Менеджеры халифата — страница 29 из 46

– Хузейф, ты остаешься в машине, – начал распоряжаться Шамиль и тут же робко поглядел на затылок Горюнова.

Петр догадался, что пауза затянулась в ожидании его указаний, и, вальяжно махнув рукой, разрешил:

– Распоряжайся.

– Мы пойдем внутрь с Абдуллой. Я думаю, вам, Азали, лучше с нами не ходить. Этот человек знает нас в лицо. А увидев чужака, может испугаться.

Горюнов решил не лезть на рожон. Расспросы о том, с кем будут встречаться братья внутри рыночного павильона, могли им показаться, по меньшей мере, странными.

Вернулись они оживленные. Шамиль нервно прижимал локтем полу куртки к боку. Когда сел в машину, достал целлофановый черный пакет, в котором лежало триста восемьдесят тысяч.

– Хабиб не обманул, – дрожащим взволнованным голосом сказал Аслан. – Теперь можно будет раздобыть стволы.

– У кого? – Петр обернулся к братьям. – Если у каких-то ваших старых знакомых, еще с досирийских времен, то это реальный риск. Вы в розыске. Спецслужбы шерстили ваше окружение. Кого-то, может, прихватили на торговле оружием, но сажать не стали, держат под контролем.

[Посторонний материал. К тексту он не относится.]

(* Let $G$ be a finite group. For all subsets $X,Y\subseteq G$ with $X^G=X$ and $Y^G=Y$ we have $[X,{}_MY]=[[X,G],{}_MY]$.
   Context: $[x,y]=x^{-1}y^{-1}xy$, $x^y=y^{-1}xy$, $X^G=\{x^g:x\in X,g\in G\}$. For subsets $A,B\subseteq G$, $[A,B]$ is the subgroup generated by $\{[a,b]:a\in A,b\in B\}$, and $[A,{}_kB]=[\cdots[[A,B],B]\cdots,B]$ with $k$ copies of $B$. $M=M(G)\in\mathbb{N}$ is fixed such that $[A,{}_MB]=[A,{}_iB]$ for all $i\ge M$ and all $A,B\subseteq G$ with $A^G=A$, $B^G=B$. *)

theory Defs
  imports "HOL-Algebra.Generated_Groups"
begin

definition gcomm :: "('a, 'b) monoid_scheme \<Rightarrow> 'a \<Rightarrow> 'a \<Rightarrow> 'a" where
  "gcomm G x y = inv\<^bsub>G\<^esub> x \<otimes>\<^bsub>G\<^esub> inv\<^bsub>G\<^esub> y \<otimes>\<^bsub>G\<^esub> x \<otimes>\<^bsub>G\<^esub> y"

definition comm_set :: "('a, 'b) monoid_scheme \<Rightarrow> 'a set \<Rightarrow> 'a set \<Rightarrow> 'a set" where
  "comm_set G A B = generate G {gcomm G a b | a b. a \<in> A \<and> b \<in> B}"

definition iter_comm :: "('a, 'b) monoid_scheme \<Rightarrow> 'a set \<Rightarrow> 'a set \<Rightarrow> nat \<Rightarrow> 'a set" where
  "iter_comm G A B k = ((\<lambda>C. comm_set G C B) ^^ k) A"

definition normal_subset :: "('a, 'b) monoid_scheme \<Rightarrow> 'a set \<Rightarrow> bool" where
  "normal_subset G A \<longleftrightarrow> A \<subseteq> carrier G \<and>
     {inv\<^bsub>G\<^esub> g \<otimes>\<^bsub>G\<^esub> a \<otimes>\<^bsub>G\<^esub> g | a g. a \<in> A \<and> g \<in> carrier G} = A"

end

theory Submission
  imports Defs
begin

text \<open>Since X is normal, [x,g] = x^-1 x^g shows [X,G] \<subseteq> \<langle>X\<rangle>, and the identity
  [ab,y] = [a,y]^b [b,y], together with normality of [X,Y], shows that [a,y] \<in> [X,Y] for
  every a \<in> \<langle>X\<rangle> and y \<in> Y. Hence [[X,G],Y] \<subseteq> [X,Y] \<subseteq> [X,G], and applying the monotone
  operator C \<mapsto> [C, _k Y] gives
  [X, _(M+1) Y] \<subseteq> [[X,G], _M Y] = [[[X,G],Y], _(M-1) Y] \<subseteq> [X, _M Y].
  The left end equals the right end by the choice of M, which closes the chain.\<close>

context group
begin

lemma normal_subset_subset: "normal_subset G A \<Longrightarrow> A \<subseteq> carrier G"
  unfolding normal_subset_def by blast

lemma normal_subset_conj_closed:
  "normal_subset G A \<Longrightarrow> a \<in> A \<Longrightarrow> g \<in> carrier G \<Longrightarrow> inv g \<otimes> a \<otimes> g \<in> A"
  unfolding normal_subset_def by blast

lemma mult_inv_cancel_left [simp]:
  "x \<in> carrier G \<Longrightarrow> z \<in> carrier G \<Longrightarrow> x \<otimes> (inv x \<otimes> z) = z"
  by (simp add: m_assoc[symmetric])

lemma inv_mult_cancel_left [simp]:
  "x \<in> carrier G \<Longrightarrow> z \<in> carrier G \<Longrightarrow> inv x \<otimes> (x \<otimes> z) = z"
  by (simp add: m_assoc[symmetric])

lemma gcomm_closed [simp]:
  "x \<in> carrier G \<Longrightarrow> y \<in> carrier G \<Longrightarrow> gcomm G x y \<in> carrier G"
  by (simp add: gcomm_def)

lemma gcomm_conj:
  "x \<in> carrier G \<Longrightarrow> y \<in> carrier G \<Longrightarrow> g \<in> carrier G \<Longrightarrow>
   inv g \<otimes> gcomm G x y \<otimes> g = gcomm G (inv g \<otimes> x \<otimes> g) (inv g \<otimes> y \<otimes> g)"
  by (simp add: gcomm_def inv_mult_group m_assoc)

lemma gcomm_inv_left:
  "x \<in> carrier G \<Longrightarrow> y \<in> carrier G \<Longrightarrow> gcomm G (inv x) y = x \<otimes> inv (gcomm G x y) \<otimes> inv x"
  by (simp add: gcomm_def inv_mult_group m_assoc)

lemma gcomm_mult_left:
  "a \<in> carrier G \<Longrightarrow> b \<in> carrier G \<Longrightarrow> y \<in> carrier G \<Longrightarrow>
   gcomm G (a \<otimes> b) y = (inv b \<otimes> gcomm G a y \<otimes> b) \<otimes> gcomm G b y"
  by (simp add: gcomm_def inv_mult_group m_assoc)

lemma gcomm_generators_subset:
  "A \<subseteq> carrier G \<Longrightarrow> B \<subseteq> carrier G \<Longrightarrow> {gcomm G a b | a b. a \<in> A \<and> b \<in> B} \<subseteq> carrier G"
  by (auto intro!: gcomm_closed)

lemma gcomm_mem_comm_set: "a \<in> A \<Longrightarrow> b \<in> B \<Longrightarrow> gcomm G a b \<in> comm_set G A B"
  unfolding comm_set_def by (blast intro: generate.incl)

lemma comm_set_normal:
  assumes A: "normal_subset G A" and B: "normal_subset G B"
  shows "comm_set G A B \<lhd> G"
  unfolding comm_set_def
proof (rule normal_generateI)
  have "A \<subseteq> carrier G" "B \<subseteq> carrier G"
    using A B by (simp_all add: normal_subset_subset)
  then show "{gcomm G a b | a b. a \<in> A \<and> b \<in> B} \<subseteq> carrier G"
    by (rule gcomm_generators_subset)
  fix h g
  assume "h \<in> {gcomm G a b | a b. a \<in> A \<and> b \<in> B}" and g: "g \<in> carrier G"
  then obtain a b where h: "h = gcomm G a b" and a: "a \<in> A" and b: "b \<in> B"
    by blast
  have "g \<otimes> h \<otimes> inv g = gcomm G (g \<otimes> a \<otimes> inv g) (g \<otimes> b \<otimes> inv g)"
    using gcomm_conj[of a b "inv g"] a b g \<open>A \<subseteq> carrier G\<close> \<open>B \<subseteq> carrier G\<close> h by auto
  moreover have "g \<otimes> a \<otimes> inv g \<in> A" "g \<otimes> b \<otimes> inv g \<in> B"
    using normal_subset_conj_closed[OF A a, of "inv g"] normal_subset_conj_closed[OF B b, of "inv g"] g
    by simp_all
  ultimately show "g \<otimes> h \<otimes> inv g \<in> {gcomm G a b | a b. a \<in> A \<and> b \<in> B}"
    by blast
qed

lemma comm_set_mono: "A \<subseteq> A' \<Longrightarrow> B \<subseteq> B' \<Longrightarrow> comm_set G A B \<subseteq> comm_set G A' B'"
  unfolding comm_set_def by (rule mono_generate) blast

lemma iter_comm_mono: "A \<subseteq> A' \<Longrightarrow> iter_comm G A B k \<subseteq> iter_comm G A' B k"
  by (induction k) (simp_all add: iter_comm_def comm_set_mono)

lemma iter_comm_Suc: "iter_comm G A B (Suc k) = iter_comm G (comm_set G A B) B k"
  unfolding iter_comm_def by (simp only: funpow_Suc_right o_def)

lemma gcomm_generate_mem_comm_set:
  assumes X: "normal_subset G X" and Y: "normal_subset G Y"
    and a: "a \<in> generate G X" and y: "y \<in> Y"
  shows "gcomm G a y \<in> comm_set G X Y"
proof -
  have yc: "y \<in> carrier G"
    using Y y normal_subset_subset by blast
  interpret N: normal "comm_set G X Y" G
    by (rule comm_set_normal[OF X Y])
  from a show ?thesis
  proof (induction rule: generate.induct)
    case one
    show ?case using yc N.one_closed by (simp add: gcomm_def)
  next
    case (incl x)
    then show ?case using y by (rule gcomm_mem_comm_set)
  next
    case (inv x)
    have xc: "x \<in> carrier G"
      using X inv normal_subset_subset by blast
    have "inv (gcomm G x y) \<in> comm_set G X Y"
      using gcomm_mem_comm_set[OF inv y] by (rule N.m_inv_closed)
    then show ?case
      using N.inv_op_closed2[OF xc] gcomm_inv_left[OF xc yc] by simp
  next
    case (eng a b)
    have ac: "a \<in> carrier G" and bc: "b \<in> carrier G"
      using eng.hyps generate_in_carrier[OF normal_subset_subset[OF X]] by auto
    have "inv b \<otimes> gcomm G a y \<otimes> b \<in> comm_set G X Y"
      using bc eng.IH(1) by (rule N.inv_op_closed1)
    then show ?case
      unfolding gcomm_mult_left[OF ac bc yc] using eng.IH(2) by (rule N.m_closed)
  qed
qed

lemma comm_set_carrier_subset_generate:
  assumes X: "normal_subset G X"
  shows "comm_set G X (carrier G) \<subseteq> generate G X"
  unfolding comm_set_def
proof (rule generate_subgroup_incl[OF _ generate_is_subgroup[OF normal_subset_subset[OF X]]], safe)
  fix x g
  assume x: "x \<in> X" and g: "g \<in> carrier G"
  have "x \<in> carrier G"
    using X x normal_subset_subset by blast
  then have "gcomm G x g = inv x \<otimes> (inv g \<otimes> x \<otimes> g)"
    using g by (simp add: gcomm_def m_assoc)
  moreover have "inv g \<otimes> x \<otimes> g \<in> X"
    using X x g by (rule normal_subset_conj_closed)
  ultimately show "gcomm G x g \<in> generate G X"
    using x by (metis generate.eng generate.inv generate.incl)
qed

lemma comm_set_comm_set_carrier_subset:
  assumes X: "normal_subset G X" and Y: "normal_subset G Y"
  shows "comm_set G (comm_set G X (carrier G)) Y \<subseteq> comm_set G X Y"
  unfolding comm_set_def[of G "comm_set G X (carrier G)"]
proof (rule generate_subgroup_incl[OF _ normal_imp_subgroup[OF comm_set_normal[OF X Y]]], safe)
  fix a y
  assume "a \<in> comm_set G X (carrier G)" and y: "y \<in> Y"
  then have "a \<in> generate G X"
    using comm_set_carrier_subset_generate[OF X] by blast
  then show "gcomm G a y \<in> comm_set G X Y"
    using X Y y by (intro gcomm_generate_mem_comm_set)
qed

end

theorem lemma2p2:
  fixes G :: "('a, 'b) monoid_scheme" (structure) and M :: nat and X Y :: "'a set"
  assumes "group G" and "finite (carrier G)"
    and M_stab: "\<And>A B i. normal_subset G A \<Longrightarrow> normal_subset G B \<Longrightarrow> M \<le> i \<Longrightarrow>
                   iter_comm G A B M = iter_comm G A B i"
    and "normal_subset G X" and "normal_subset G Y"
  shows "iter_comm G X Y M = iter_comm G (comm_set G X (carrier G)) Y M"
proof -
  interpret group G by fact
  note X = \<open>normal_subset G X\<close> and Y = \<open>normal_subset G Y\<close>
  \<comment> \<open>[\<emptyset>,\<emptyset>] = \<langle>\<emptyset>\<rangle> = {1} differs from [\<emptyset>, _0 \<emptyset>] = \<emptyset>, so the hypothesis on M forces M > 0.\<close>
  have empty: "normal_subset G {}"
    unfolding normal_subset_def by auto
  have "iter_comm G {} {} M = iter_comm G {} {} (Suc M)"
    using empty empty by (rule M_stab) simp
  then have "M \<noteq> 0"
    by (cases M) (simp_all add: iter_comm_def comm_set_def generate_empty)
  then obtain m where m: "M = Suc m"
    using not0_implies_Suc by blast
  have "iter_comm G X Y M = iter_comm G X Y (Suc M)"
    using X Y by (rule M_stab) simp
  also have "\<dots> = iter_comm G (comm_set G X Y) Y M"
    by (rule iter_comm_Suc)
  also have "\<dots> \<subseteq> iter_comm G (comm_set G X (carrier G)) Y M"
    using Y by (intro iter_comm_mono comm_set_mono normal_subset_subset order_refl)
  finally have lower: "iter_comm G X Y M \<subseteq> iter_comm G (comm_set G X (carrier G)) Y M" .
  have "iter_comm G (comm_set G X (carrier G)) Y M
      = iter_comm G (comm_set G (comm_set G X (carrier G)) Y) Y m"
    unfolding m by (rule iter_comm_Suc)
  also have "\<dots> \<subseteq> iter_comm G (comm_set G X Y) Y m"
    using X Y by (intro iter_comm_mono comm_set_comm_set_carrier_subset)
  also have "\<dots> = iter_comm G X Y M"
    unfolding m by (rule iter_comm_Suc[symmetric])
  finally show ?thesis
    using lower by (rule equalityI[rotated])
qed

end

– Мы свяжемся с ним сегодня, – сник Шамиль. Он и в самом деле собирался воспользоваться старыми связями.

Однако Горюнова интересовали возможности игиловцев в России, их каналы получения оружия, а не уголовные дружки Шамиля, торгующие стволами, оставшимися после двух чеченских кампаний в схронах и в подвалах бывших боевиков, сдавшихся властям. Ведь через границу стволы привезти сложно, практически невозможно.

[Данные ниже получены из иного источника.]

(* Fix subgroups $s\neq s'$, a cohort $g\in\{1,\dots,\mathcal T\}$ and $t$ with $g\le t\le\mathcal T$, and assume all potential outcomes are integrable and $P(G=g,S=\sigma)>0$ for $\sigma\in\{s,s'\}$. Suppose (No subgroup selection) $$\mathbb E[Y_t(g;s')-Y_t(\infty;s')\mid G=g,S=s]=\mathbb E[Y_t(g;s')-Y_t(\infty;s')\mid G=g,S=s'].$$ Then $CDATT_{s-s'}(g,t)=DATT_{s-s'}(g,t)$. Consequently, if in addition the hypotheses of part (a) (resp. (b)) below hold, then $CDATT_{s-s'}(g,t)$ equals $$\mathbb E[Y_t-Y_{g-1}\mid G=g,S=s]-\mathbb E[Y_t-Y_{g-1}\mid G=g,S=s']-\Big(\mathbb E[Y_t-Y_{g-1}\mid C,S=s]-\mathbb E[Y_t-Y_{g-1}\mid C,S=s']\Big),$$ where $C$ is the event $\{G>t\}$ (resp. $\{G=\infty\}$), assumed to satisfy $P(C,S=\sigma)>0$ for $\sigma\in\{s,s'\}$. The hypotheses are: (i) for every finite cohort $g'$, every $\tau<g'$ and every $\sigma$ with $P(G=g',S=\sigma)>0$, $\mathbb E[Y_\tau(g')\mid G=g',S=\sigma]=\mathbb E[Y_\tau(\infty)\mid G=g',S=\sigma]$; and (ii) $\mathbb E[Y_t(\infty)-Y_{g-1}(\infty)\mid G=g,S=s]-\mathbb E[Y_t(\infty)-Y_{g-1}(\infty)\mid G=g,S=s']=\mathbb E[Y_t(\infty)-Y_{g-1}(\infty)\mid C,S=s]-\mathbb E[Y_t(\infty)-Y_{g-1}(\infty)\mid C,S=s']$.
   Context: Time periods are $t=0,1,\dots,\mathcal T$; $\mathcal S$ is a finite set of subgroups. A unit is described by a random element consisting of: $G\in\{1,\dots,\mathcal T\}\cup\{\infty\}$, the first period in which the unit is treated ($G=\infty$ means never treated; treatment is irreversible); a subgroup $S\in\mathcal S$; covariates $X$; and real potential outcomes $Y_t(g';\sigma)$ for every period $t$, every possible cohort $g'$ (including $\infty$) and every $\sigma\in\mathcal S$, interpreted as the outcome at $t$ had the unit first been treated at $g'$ and belonged to subgroup $\sigma$. Write $Y_t(g'):=Y_t(g';S)$ and the observed outcome $Y_t:=Y_t(G;S)$. Units are i.i.d. (panel data). Define $$DATT_{s-s'}(g,t):=\mathbb E[Y_t(g)-Y_t(\infty)\mid G=g,S=s]-\mathbb E[Y_t(g)-Y_t(\infty)\mid G=g,S=s'],$$ $$CDATT_{s-s'}(g,t):=\mathbb E[Y_t(g;s)-Y_t(\infty;s)\mid G=g,S=s]-\mathbb E[Y_t(g;s')-Y_t(\infty;s')\mid G=g,S=s].$$ *)

theory Defs
  imports "HOL-Probability.Probability" "HOL-Library.Extended_Nat"
begin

Февраль 2015 года, г. Стамбул

Маленькая квадратная комната с бежевым кафельным полом и с одним окошком. Из-за чуть пыльного стекла сочился теплый свет предвестием близкой стамбульской весны с цветением каштанов и неистребимым дымком во влажном воздухе от множества жаровен у собора Святой Софии. На противнях жарят каштаны. А Кыз Кулеси словно подернется голубой дымкой посреди Босфора, и чайки, одуревшие от весны и вечно голодные, будут летать вокруг тонкого шпиля старинного маяка, высматривая добычу в ярко-синей весенней воде пролива.

Комната выглядела бы как обычно, если бы не решетка на окне, отсекающая не только Стамбул с его предстоящими весенними незатейливыми радостями обновления, но и саму весну, и перспективу для Тарека на жизнь. Металлическая скамья вдоль стены, привинченная к полу, напоминала стол в прозекторской. Не хватало только отверстия для стока.

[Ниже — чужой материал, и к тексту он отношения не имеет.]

(* Let $T$ be a finite tree rooted at a fixed non-leaf vertex $r$ and let $k\geq 1$. Define the graphs $I'$ and $I_0,\ldots,I_{k-1}$ on vertex set $V(T)$ as follows: distinct $u,v$ are adjacent in $I'$ iff $f'(u)\cap f'(v)\neq\emptyset$, where $f'(u)=[d_T(r,u),d_T(r,u)+k]$; and distinct $u,v$ are adjacent in $I_i$ iff $f_i(u)\cap f_i(v)\neq\emptyset$, where $f_i(u)=[s(p^i(u)),\,t(p^{k-1-i}(u))]$. If $u,v$ are distinct vertices with $(u,v)\notin E(T^k)$, then either $(u,v)\notin E(I')$ or there exists $i\in\{0,\ldots,k-1\}$ with $(u,v)\notin E(I_i)$.
   Context: $d_T$ is the distance in $T$, and $T^k$ is the graph on $V(T)$ in which distinct $u,v$ are adjacent iff $d_T(u,v)\leq k$. For vertices $u,v$, $u\preceq v$ ($u$ is an ancestor of $v$) means that $u$ lies on the unique path in $T$ from $r$ to $v$. For $u\neq r$, $p(u)$ is the neighbour of $u$ on the path from $u$ to $r$, and $p(r)=r$; $p^0(u)=u$, $p^i(u)=p(p^{i-1}(u))$ for $i\geq1$. Let $l_1,\ldots,l_m$ be the leaves (degree-1 vertices) of $T$ in the order in which they appear in some depth-first traversal of $T$ starting from $r$; for a vertex $u$, $L(u)=\{i: u\preceq l_i\}$, $s(u)=\min L(u)$, $t(u)=\max L(u)$. *)

theory Defs
  imports Main
begin

definition is_walk :: "('a \<Rightarrow> 'a \<Rightarrow> bool) \<Rightarrow> 'a list \<Rightarrow> bool" where
  "is_walk E xs \<longleftrightarrow> xs \<noteq> [] \<and> (\<forall>j. Suc j < length xs \<longrightarrow> E (xs ! j) (xs ! Suc j))"

definition is_path :: "('a \<Rightarrow> 'a \<Rightarrow> bool) \<Rightarrow> 'a \<Rightarrow> 'a \<Rightarrow> 'a list \<Rightarrow> bool" where
  "is_path E u v xs \<longleftrightarrow> is_walk E xs \<and> distinct xs \<and> hd xs = u \<and> last xs = v"

definition is_tree :: "'a set \<Rightarrow> ('a \<Rightarrow> 'a \<Rightarrow> bool) \<Rightarrow> bool" where
  "is_tree V E \<longleftrightarrow> finite V \<and> V \<noteq> {}
     \<and> (\<forall>u v. E u v \<longrightarrow> u \<in> V \<and> v \<in> V)
     \<and> (\<forall>u v. E u v \<longrightarrow> E v u) \<and> (\<forall>u. \<not> E u u)
     \<and> (\<forall>u\<in>V. \<forall>v\<in>V. \<exists>xs. is_path E u v xs)
     \<and> (\<forall>xs. \<not> (is_walk E xs \<and> distinct xs \<and> length xs \<ge> 3 \<and> E (last xs) (hd xs)))"

definition tdist :: "('a \<Rightarrow> 'a \<Rightarrow> bool) \<Rightarrow> 'a \<Rightarrow> 'a \<Rightarrow> nat" where
  "tdist E u v = (LEAST n. \<exists>xs. is_walk E xs \<and> hd xs = u \<and> last xs = v \<and> length xs = Suc n)"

От этих мыслей Тарека внутренне передернуло. Но, понимая, что за ним наблюдают, он виду не подал. Усмехнулся и, свернув пиджак, положил его на скамью. Уселся довольно удобно, демонстрируя, что он здесь случайно, Кюбат вот-вот одумается, придет с извинениями и лично проводит узника на свободу.

Однако никто не приходил, и это навевало тяжелые думы. Кабир предупреждал, что легко не будет, и сейчас Тарек чувствовал слабость, лоб покрыла испарина. Он давно не испытывал такого всплеска адреналина. Но думал, что Кабир все просчитал. Запретил себе думать иначе. Ведь если его друг Кабир до сих пор жив, значит, все эти годы он делал все правильно. Не станет же он своими советами подставлять завербованного им самим агента.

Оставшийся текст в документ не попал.